### What to produce
Look through the records below for the line with "add: G_def invertible_gauge)" and the line with "note invariants = toda_transfer_invariants[OF", then return those lines and all lines between, exactly.

(Collected data)
text \<open>Trace and determinant of the monodromy are conserved for every spectral parameter x:
  the monodromy of abar is conjugate to the monodromy of a started at site 2, which is a
  cyclic rotation of the one started at site 1.\<close>

lemma toda_transfer_invariants:
  fixes N :: nat and a abar :: "int \<Rightarrow> real" and x :: real
  assumes a_periodic: "\<forall>i. a (i + 2 * int N) = a i"
    and abar_periodic: "\<forall>i. abar (i + 2 * int N) = abar i"
    and a_nz: "\<forall>i. a i \<noteq> 0"
    and abar_nz: "\<forall>i. abar i \<noteq> 0"
    and sum_eq: "\<forall>n. abar (2*n - 1) + abar (2*n) = a (2*n) + a (2*n + 1)"
    and prod_eq: "\<forall>n. abar (2*n) * abar (2*n + 1) = a (2*n + 1) * a (2*n + 2)"
  shows "trace (chain_prod (\<lambda>i. transfer (abar i * x)) 1 (2 * N))
           = trace (chain_prod (\<lambda>i. transfer (a i * x)) 1 (2 * N))
       \<and> det (chain_prod (\<lambda>i. transfer (abar i * x)) 1 (2 * N))
           = det (chain_prod (\<lambda>i. transfer (a i * x)) 1 (2 * N))"
proof -
  define Ta where "Ta = (\<lambda>i. transfer (a i * x))"
  define Tb where "Tb = (\<lambda>i. transfer (abar i * x))"
  define G where "G = (\<lambda>n. gauge (a (2*n + 1) / abar (2*n)))"
  have pair_step: "Tb (2*j + -1) ** Tb (2*j + -1 + 1) ** G j
      = G (j - 1) ** (Ta (2*j + 0) ** Ta (2*j + 0 + 1))" for j
    using toda_gauge_step[OF abar_nz sum_eq prod_eq, of j x] by (simp add: Ta_def Tb_def G_def)
  have "chain_prod Tb 1 (2 * N) ** G (int N) = G 0 ** chain_prod Ta 2 (2 * N)"
    using chain_prod_intertwine[of "\<lambda>n. Tb (2*n + -1) ** Tb (2*n + -1 + 1)" G
        "\<lambda>n. Ta (2*n + 0) ** Ta (2*n + 0 + 1)", OF pair_step, of 1 N]
      chain_prod_pairs[of Tb "-1" 1 N] chain_prod_pairs[of Ta 0 1 N]
    by simp
  moreover have "G (int N) = G 0"
    using a_periodic[rule_format, of 1] abar_periodic[rule_format, of 0]
    by (simp add: G_def add.commute)
  moreover have "invertible (G 0)" using a_nz abar_nz by (simp add: G_def invertible_gauge)
  ultimately have "trace (chain_prod Tb 1 (2 * N)) = trace (chain_prod Ta 2 (2 * N))
      \<and> det (chain_prod Tb 1 (2 * N)) = det (chain_prod Ta 2 (2 * N))"
    using similar_trace_det by metis
  moreover have "trace (chain_prod Ta 2 (2 * N)) = trace (chain_prod Ta 1 (2 * N))
      \<and> det (chain_prod Ta 2 (2 * N)) = det (chain_prod Ta 1 (2 * N))"
    using chain_prod_rotate[of Ta 1 "2 * N"] a_periodic by (simp add: Ta_def add.commute)
  ultimately show ?thesis by (simp add: Ta_def Tb_def)
qed

text \<open>The conserved quantities h_1, ..., h_{N+1} of the discrete periodic Toda lattice:
  compare coefficients of the conserved trace polynomial, and take the determinant at x = 1.\<close>

theorem mainTheorem2:
  fixes N :: nat and a abar :: "int \<Rightarrow> real"
  assumes "N \<ge> 3"
    and "\<forall>i. a (i + 2 * int N) = a i"
    and "\<forall>i. abar (i + 2 * int N) = abar i"
    and "\<forall>i. a i > 0"
    and "\<forall>i. abar i > 0"
    and "\<forall>n::int. abar (2*n - 1) + abar (2*n) = a (2*n) + a (2*n + 1)"
    and "\<forall>n::int. abar (2*n) * abar (2*n + 1) = a (2*n + 1) * a (2*n + 2)"
  shows "(\<forall>k\<in>{1..N}. toda_h N k abar = toda_h N k a) \<and> toda_h_top N abar = toda_h_top N a"
proof -
  have sites: "2 * N \<ge> 1" using assms(1) by simp
  have "\<forall>i. a i \<noteq> 0" "\<forall>i. abar i \<noteq> 0" using assms(4,5) by (metis less_irrefl)+
  note invariants = toda_transfer_invariants[OF assms(2,3) this assms(6,7)]
  have trace_poly: "(\<Sum>k\<le>2 * N. toda_h N k abar * x ^ k) = (\<Sum>k\<le>2 * N. toda_h N k a * x ^ k)"
    for x
    using invariants[of x] trace_transfer_chain[OF sites]
    by (simp flip: cyclic_sets_generating_function)
  have "\<forall>k\<le>2 * N. toda_h N k abar = toda_h N k a"
    using trace_poly polyfun_eq_coeffs[where c = "\<lambda>k. toda_h N k abar" and d = "\<lambda>k. toda_h N k a"]
    by blast
  moreover have "toda_h_top N abar = toda_h_top N a"
    using invariants[of 1] by (simp add: det_transfer_chain)
  ultimately show ?thesis by auto
qed

end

### Exercise answer
  moreover have "invertible (G 0)" using a_nz abar_nz by (simp add: G_def invertible_gauge)
  ultimately have "trace (chain_prod Tb 1 (2 * N)) = trace (chain_prod Ta 2 (2 * N))
      \<and> det (chain_prod Tb 1 (2 * N)) = det (chain_prod Ta 2 (2 * N))"
    using similar_trace_det by metis
  moreover have "trace (chain_prod Ta 2 (2 * N)) = trace (chain_prod Ta 1 (2 * N))
      \<and> det (chain_prod Ta 2 (2 * N)) = det (chain_prod Ta 1 (2 * N))"
    using chain_prod_rotate[of Ta 1 "2 * N"] a_periodic by (simp add: Ta_def add.commute)
  ultimately show ?thesis by (simp add: Ta_def Tb_def)
qed

text \<open>The conserved quantities h_1, ..., h_{N+1} of the discrete periodic Toda lattice:
  compare coefficients of the conserved trace polynomial, and take the determinant at x = 1.\<close>

theorem mainTheorem2:
  fixes N :: nat and a abar :: "int \<Rightarrow> real"
  assumes "N \<ge> 3"
    and "\<forall>i. a (i + 2 * int N) = a i"
    and "\<forall>i. abar (i + 2 * int N) = abar i"
    and "\<forall>i. a i > 0"
    and "\<forall>i. abar i > 0"
    and "\<forall>n::int. abar (2*n - 1) + abar (2*n) = a (2*n) + a (2*n + 1)"
    and "\<forall>n::int. abar (2*n) * abar (2*n + 1) = a (2*n + 1) * a (2*n + 2)"
  shows "(\<forall>k\<in>{1..N}. toda_h N k abar = toda_h N k a) \<and> toda_h_top N abar = toda_h_top N a"
proof -
  have sites: "2 * N \<ge> 1" using assms(1) by simp
  have "\<forall>i. a i \<noteq> 0" "\<forall>i. abar i \<noteq> 0" using assms(4,5) by (metis less_irrefl)+
  note invariants = toda_transfer_invariants[OF assms(2,3) this assms(6,7)]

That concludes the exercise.